#### To do:
Write out again, exactly, the lines below starting at the one with "(Suc n) = b" and ending at the one with "by (simp add: distrib_left)".

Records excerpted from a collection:

· · · · ·

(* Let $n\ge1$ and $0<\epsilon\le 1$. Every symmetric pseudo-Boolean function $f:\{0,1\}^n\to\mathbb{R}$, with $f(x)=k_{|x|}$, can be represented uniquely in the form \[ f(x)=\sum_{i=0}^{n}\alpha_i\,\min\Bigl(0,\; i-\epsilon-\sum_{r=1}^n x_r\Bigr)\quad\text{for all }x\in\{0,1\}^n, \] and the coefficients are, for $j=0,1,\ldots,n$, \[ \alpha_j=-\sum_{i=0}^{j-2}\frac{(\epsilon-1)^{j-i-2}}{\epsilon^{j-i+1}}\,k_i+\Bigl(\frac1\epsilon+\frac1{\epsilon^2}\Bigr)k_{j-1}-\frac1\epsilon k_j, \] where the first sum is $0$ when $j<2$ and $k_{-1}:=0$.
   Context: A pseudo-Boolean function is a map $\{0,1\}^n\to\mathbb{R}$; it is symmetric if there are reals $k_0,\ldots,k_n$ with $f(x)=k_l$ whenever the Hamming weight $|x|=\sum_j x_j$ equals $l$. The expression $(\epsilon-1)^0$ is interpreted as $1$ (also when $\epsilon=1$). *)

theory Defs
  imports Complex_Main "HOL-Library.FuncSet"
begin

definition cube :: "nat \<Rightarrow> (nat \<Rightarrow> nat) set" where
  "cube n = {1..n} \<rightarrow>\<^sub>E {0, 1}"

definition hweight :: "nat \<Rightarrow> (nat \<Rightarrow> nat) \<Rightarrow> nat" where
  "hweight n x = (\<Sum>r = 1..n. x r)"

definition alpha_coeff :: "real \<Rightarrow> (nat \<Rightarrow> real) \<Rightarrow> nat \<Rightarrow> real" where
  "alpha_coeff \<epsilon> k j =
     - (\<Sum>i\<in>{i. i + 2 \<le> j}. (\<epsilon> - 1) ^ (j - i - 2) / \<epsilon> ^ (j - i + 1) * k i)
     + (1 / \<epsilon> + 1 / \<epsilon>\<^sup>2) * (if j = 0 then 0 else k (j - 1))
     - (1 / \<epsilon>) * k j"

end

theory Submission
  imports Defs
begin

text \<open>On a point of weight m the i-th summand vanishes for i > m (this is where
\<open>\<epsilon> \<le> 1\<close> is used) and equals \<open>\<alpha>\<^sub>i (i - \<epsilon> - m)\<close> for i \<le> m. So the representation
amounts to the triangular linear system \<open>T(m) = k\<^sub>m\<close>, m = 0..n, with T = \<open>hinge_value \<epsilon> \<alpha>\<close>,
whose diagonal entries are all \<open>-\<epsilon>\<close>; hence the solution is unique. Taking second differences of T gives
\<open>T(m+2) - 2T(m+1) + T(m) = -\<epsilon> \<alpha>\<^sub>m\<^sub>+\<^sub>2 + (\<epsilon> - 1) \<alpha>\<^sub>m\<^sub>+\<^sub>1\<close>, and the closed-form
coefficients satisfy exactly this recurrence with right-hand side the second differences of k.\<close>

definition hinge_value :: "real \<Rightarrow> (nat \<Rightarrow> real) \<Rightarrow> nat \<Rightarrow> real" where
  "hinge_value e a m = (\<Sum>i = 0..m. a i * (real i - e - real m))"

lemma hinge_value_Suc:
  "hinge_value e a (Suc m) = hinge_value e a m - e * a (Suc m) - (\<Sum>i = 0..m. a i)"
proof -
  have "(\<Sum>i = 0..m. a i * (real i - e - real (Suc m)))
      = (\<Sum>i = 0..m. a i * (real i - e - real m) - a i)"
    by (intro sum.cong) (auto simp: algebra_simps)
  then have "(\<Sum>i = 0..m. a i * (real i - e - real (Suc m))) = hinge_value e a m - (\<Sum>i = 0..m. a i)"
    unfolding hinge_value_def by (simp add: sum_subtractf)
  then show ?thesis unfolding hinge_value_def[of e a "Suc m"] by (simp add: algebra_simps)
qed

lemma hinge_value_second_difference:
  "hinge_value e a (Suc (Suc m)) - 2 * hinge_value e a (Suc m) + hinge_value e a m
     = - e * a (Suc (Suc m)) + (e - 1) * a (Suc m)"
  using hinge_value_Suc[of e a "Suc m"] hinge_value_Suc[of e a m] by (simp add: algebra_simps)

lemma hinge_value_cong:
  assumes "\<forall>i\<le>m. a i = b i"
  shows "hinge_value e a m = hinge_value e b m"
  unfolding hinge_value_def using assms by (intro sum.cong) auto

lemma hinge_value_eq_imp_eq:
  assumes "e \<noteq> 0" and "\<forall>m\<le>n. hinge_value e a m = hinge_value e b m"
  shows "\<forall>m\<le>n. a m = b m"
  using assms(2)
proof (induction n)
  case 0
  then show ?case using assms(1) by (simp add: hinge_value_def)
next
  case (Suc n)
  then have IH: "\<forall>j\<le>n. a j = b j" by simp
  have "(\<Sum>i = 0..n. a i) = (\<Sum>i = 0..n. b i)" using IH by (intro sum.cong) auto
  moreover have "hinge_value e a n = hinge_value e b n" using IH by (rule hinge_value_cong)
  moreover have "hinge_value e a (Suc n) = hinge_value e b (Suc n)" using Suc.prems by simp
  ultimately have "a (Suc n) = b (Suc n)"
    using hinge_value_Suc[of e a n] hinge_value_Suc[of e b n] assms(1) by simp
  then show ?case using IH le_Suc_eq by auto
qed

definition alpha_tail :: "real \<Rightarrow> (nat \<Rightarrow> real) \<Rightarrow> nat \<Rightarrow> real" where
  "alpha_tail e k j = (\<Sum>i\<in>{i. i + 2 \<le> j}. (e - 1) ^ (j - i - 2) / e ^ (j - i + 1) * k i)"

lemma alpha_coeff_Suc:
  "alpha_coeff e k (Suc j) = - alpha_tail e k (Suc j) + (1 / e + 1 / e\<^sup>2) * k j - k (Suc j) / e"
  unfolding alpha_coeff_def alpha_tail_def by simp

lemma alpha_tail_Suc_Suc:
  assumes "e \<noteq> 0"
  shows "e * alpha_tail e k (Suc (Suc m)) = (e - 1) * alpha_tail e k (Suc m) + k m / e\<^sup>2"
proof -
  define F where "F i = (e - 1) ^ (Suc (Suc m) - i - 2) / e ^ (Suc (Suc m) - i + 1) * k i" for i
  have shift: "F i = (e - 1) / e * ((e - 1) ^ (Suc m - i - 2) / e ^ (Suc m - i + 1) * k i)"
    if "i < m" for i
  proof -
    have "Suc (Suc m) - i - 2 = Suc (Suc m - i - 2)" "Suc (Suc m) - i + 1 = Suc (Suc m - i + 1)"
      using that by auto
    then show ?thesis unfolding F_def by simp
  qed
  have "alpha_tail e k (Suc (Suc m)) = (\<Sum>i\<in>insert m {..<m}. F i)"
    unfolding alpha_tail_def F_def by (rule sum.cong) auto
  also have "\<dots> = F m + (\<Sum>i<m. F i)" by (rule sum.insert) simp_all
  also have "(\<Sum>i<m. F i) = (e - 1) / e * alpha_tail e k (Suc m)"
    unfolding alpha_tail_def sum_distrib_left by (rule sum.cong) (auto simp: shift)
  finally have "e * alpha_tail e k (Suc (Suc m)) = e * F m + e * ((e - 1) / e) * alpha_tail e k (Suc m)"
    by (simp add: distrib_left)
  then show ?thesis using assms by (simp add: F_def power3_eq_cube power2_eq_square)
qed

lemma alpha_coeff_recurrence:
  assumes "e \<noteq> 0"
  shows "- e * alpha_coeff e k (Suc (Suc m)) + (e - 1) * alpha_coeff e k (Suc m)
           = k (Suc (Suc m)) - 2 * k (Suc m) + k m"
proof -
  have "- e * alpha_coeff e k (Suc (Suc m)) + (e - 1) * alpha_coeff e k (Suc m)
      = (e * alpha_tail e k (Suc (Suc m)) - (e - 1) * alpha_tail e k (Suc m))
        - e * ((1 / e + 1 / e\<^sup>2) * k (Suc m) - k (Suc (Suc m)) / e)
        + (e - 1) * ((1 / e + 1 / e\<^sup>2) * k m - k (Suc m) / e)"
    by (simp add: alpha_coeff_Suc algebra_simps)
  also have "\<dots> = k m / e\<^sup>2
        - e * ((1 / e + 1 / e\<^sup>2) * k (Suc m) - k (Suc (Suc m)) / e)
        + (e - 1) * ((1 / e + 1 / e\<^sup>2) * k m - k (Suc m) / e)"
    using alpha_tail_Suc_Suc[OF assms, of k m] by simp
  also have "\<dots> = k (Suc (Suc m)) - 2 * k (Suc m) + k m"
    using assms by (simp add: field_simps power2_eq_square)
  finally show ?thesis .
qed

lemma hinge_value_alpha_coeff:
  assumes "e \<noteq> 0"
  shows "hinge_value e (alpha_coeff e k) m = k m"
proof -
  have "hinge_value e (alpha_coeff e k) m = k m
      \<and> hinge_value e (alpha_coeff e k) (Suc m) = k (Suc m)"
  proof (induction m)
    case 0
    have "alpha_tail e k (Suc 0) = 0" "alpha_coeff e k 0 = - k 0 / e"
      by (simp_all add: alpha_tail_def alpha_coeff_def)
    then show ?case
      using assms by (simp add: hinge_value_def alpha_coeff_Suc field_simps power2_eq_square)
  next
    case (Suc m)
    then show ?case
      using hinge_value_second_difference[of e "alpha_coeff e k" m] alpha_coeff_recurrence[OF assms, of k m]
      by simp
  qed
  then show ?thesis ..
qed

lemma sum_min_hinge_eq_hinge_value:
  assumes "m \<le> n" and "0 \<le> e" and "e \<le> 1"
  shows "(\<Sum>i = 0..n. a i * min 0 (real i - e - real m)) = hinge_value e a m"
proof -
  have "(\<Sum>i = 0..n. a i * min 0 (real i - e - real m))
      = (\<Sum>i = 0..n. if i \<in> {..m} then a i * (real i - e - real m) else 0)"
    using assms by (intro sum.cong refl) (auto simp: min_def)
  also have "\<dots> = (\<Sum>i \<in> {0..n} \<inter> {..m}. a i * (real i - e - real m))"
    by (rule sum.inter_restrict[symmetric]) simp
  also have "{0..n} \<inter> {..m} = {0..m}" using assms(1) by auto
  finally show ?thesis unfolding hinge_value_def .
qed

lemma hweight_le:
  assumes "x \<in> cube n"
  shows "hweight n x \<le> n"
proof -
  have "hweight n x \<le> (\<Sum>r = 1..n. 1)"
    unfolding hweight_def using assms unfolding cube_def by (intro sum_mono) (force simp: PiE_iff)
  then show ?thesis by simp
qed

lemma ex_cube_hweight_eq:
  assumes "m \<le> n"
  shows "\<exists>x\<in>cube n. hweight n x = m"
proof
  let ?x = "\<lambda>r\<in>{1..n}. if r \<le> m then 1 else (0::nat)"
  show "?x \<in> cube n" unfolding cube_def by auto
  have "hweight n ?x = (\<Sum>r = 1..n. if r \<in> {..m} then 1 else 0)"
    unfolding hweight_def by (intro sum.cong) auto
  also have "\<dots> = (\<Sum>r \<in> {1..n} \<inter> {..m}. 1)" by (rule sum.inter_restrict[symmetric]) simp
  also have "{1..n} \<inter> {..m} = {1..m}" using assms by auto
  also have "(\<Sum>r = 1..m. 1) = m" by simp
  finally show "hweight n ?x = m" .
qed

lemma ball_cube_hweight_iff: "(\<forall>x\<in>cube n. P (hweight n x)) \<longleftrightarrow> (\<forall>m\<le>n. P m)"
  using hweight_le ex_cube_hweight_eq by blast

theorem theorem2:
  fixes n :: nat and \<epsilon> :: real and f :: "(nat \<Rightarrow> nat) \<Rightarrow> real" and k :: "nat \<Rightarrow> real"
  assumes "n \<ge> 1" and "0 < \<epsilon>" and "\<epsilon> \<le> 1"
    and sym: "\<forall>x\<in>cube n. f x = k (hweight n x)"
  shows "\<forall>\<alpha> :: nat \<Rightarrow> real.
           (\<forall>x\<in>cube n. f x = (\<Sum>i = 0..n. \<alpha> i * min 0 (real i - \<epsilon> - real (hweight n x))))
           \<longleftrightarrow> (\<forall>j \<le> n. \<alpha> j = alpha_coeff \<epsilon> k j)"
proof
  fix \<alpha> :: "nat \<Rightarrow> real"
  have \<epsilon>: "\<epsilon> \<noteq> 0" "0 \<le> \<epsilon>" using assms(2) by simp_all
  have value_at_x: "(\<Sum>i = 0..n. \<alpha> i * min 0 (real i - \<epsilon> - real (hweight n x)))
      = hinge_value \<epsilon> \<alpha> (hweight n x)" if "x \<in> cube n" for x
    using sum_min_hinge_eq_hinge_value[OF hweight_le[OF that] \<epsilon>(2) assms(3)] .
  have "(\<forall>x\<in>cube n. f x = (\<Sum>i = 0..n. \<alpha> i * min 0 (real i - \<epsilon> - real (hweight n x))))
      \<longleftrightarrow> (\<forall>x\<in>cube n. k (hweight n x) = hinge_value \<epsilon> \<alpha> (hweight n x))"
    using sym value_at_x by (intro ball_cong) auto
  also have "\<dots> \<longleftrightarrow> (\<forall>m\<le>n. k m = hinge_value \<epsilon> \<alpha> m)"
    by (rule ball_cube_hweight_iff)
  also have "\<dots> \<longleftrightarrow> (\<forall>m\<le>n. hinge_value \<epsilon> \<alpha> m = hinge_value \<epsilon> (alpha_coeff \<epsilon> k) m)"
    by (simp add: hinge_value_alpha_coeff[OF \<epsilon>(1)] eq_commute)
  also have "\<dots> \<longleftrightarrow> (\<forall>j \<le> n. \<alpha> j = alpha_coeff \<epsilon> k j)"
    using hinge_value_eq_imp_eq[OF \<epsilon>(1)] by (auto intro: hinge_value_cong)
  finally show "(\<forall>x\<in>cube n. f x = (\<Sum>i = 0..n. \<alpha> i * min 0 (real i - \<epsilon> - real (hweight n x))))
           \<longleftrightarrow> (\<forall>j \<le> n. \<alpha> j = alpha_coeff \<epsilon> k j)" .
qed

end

· · · · ·

#### Exercise answer:
  ultimately have "a (Suc n) = b (Suc n)"
    using hinge_value_Suc[of e a n] hinge_value_Suc[of e b n] assms(1) by simp
  then show ?case using IH le_Suc_eq by auto
qed

definition alpha_tail :: "real \<Rightarrow> (nat \<Rightarrow> real) \<Rightarrow> nat \<Rightarrow> real" where
  "alpha_tail e k j = (\<Sum>i\<in>{i. i + 2 \<le> j}. (e - 1) ^ (j - i - 2) / e ^ (j - i + 1) * k i)"

lemma alpha_coeff_Suc:
  "alpha_coeff e k (Suc j) = - alpha_tail e k (Suc j) + (1 / e + 1 / e\<^sup>2) * k j - k (Suc j) / e"
  unfolding alpha_coeff_def alpha_tail_def by simp

lemma alpha_tail_Suc_Suc:
  assumes "e \<noteq> 0"
  shows "e * alpha_tail e k (Suc (Suc m)) = (e - 1) * alpha_tail e k (Suc m) + k m / e\<^sup>2"
proof -
  define F where "F i = (e - 1) ^ (Suc (Suc m) - i - 2) / e ^ (Suc (Suc m) - i + 1) * k i" for i
  have shift: "F i = (e - 1) / e * ((e - 1) ^ (Suc m - i - 2) / e ^ (Suc m - i + 1) * k i)"
    if "i < m" for i
  proof -
    have "Suc (Suc m) - i - 2 = Suc (Suc m - i - 2)" "Suc (Suc m) - i + 1 = Suc (Suc m - i + 1)"
      using that by auto
    then show ?thesis unfolding F_def by simp
  qed
  have "alpha_tail e k (Suc (Suc m)) = (\<Sum>i\<in>insert m {..<m}. F i)"
    unfolding alpha_tail_def F_def by (rule sum.cong) auto
  also have "\<dots> = F m + (\<Sum>i<m. F i)" by (rule sum.insert) simp_all
  also have "(\<Sum>i<m. F i) = (e - 1) / e * alpha_tail e k (Suc m)"
    unfolding alpha_tail_def sum_distrib_left by (rule sum.cong) (auto simp: shift)
  finally have "e * alpha_tail e k (Suc (Suc m)) = e * F m + e * ((e - 1) / e) * alpha_tail e k (Suc m)"
    by (simp add: distrib_left)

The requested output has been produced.